→ **WHAT THIS TASK INVOLVES**
If a line in the following entries contains the string "notin", it counts toward the total; report only that total.

(Saved entries)
--------------------

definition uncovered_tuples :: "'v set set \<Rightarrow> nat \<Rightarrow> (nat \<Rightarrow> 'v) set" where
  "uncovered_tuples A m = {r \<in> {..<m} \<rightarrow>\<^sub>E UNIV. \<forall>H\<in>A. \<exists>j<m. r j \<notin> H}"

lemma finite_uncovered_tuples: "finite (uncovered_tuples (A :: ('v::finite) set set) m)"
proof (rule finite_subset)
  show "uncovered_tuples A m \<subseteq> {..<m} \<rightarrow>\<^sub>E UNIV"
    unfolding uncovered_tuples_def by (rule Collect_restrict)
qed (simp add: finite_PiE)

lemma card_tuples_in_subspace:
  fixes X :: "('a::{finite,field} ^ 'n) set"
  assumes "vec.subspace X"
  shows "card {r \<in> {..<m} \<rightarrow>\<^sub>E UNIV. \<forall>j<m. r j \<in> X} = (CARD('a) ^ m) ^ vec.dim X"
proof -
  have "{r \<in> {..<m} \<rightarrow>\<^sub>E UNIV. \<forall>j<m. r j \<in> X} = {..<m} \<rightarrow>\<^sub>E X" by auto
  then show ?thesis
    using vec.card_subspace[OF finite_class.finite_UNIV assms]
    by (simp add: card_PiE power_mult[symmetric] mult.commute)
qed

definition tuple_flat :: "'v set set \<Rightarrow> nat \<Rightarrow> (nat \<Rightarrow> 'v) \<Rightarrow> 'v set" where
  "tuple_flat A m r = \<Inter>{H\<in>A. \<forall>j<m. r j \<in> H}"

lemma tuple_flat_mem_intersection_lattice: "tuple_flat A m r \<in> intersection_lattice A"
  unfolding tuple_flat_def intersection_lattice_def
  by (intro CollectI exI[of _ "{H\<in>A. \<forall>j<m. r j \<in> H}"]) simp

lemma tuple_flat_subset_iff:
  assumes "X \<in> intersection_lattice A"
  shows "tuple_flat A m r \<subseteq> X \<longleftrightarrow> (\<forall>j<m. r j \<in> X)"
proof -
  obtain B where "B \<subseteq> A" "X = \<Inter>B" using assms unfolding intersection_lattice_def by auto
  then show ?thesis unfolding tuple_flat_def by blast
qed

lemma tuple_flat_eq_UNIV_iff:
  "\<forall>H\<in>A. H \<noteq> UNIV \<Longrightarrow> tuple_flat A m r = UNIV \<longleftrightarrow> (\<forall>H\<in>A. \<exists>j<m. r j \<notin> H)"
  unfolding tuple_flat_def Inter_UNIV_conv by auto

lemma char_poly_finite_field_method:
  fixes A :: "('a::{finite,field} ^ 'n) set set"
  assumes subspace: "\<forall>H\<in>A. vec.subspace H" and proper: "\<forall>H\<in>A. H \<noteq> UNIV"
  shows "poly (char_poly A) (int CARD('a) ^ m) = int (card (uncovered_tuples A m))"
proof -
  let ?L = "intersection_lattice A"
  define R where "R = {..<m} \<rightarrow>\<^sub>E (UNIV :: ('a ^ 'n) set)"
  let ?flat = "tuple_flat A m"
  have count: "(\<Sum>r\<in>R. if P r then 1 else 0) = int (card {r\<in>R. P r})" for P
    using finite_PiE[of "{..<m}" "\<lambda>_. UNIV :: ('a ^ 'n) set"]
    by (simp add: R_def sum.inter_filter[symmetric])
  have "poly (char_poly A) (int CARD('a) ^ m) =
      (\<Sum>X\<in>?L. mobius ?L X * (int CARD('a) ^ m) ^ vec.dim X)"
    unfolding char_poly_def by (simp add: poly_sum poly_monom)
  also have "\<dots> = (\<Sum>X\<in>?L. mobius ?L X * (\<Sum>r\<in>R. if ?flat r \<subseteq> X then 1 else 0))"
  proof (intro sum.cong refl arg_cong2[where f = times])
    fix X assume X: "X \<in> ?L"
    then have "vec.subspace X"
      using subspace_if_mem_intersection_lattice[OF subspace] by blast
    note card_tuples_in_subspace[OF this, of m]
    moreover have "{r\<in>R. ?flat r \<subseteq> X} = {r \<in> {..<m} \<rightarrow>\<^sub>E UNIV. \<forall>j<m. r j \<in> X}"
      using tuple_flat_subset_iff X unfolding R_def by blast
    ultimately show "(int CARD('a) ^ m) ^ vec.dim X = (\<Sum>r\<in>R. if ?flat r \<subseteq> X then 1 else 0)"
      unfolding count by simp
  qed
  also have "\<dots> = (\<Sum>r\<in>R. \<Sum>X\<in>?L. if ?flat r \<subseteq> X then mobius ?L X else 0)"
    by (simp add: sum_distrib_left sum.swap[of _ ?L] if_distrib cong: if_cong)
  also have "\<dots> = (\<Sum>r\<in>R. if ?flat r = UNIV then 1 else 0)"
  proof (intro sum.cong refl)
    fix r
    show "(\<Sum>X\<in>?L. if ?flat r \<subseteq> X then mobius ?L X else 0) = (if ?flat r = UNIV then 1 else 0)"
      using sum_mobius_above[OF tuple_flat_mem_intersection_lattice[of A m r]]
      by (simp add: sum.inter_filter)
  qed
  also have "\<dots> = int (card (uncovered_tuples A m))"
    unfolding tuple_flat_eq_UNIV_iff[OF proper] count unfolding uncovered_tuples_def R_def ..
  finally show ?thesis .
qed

--------------------

→ **REPLY**
2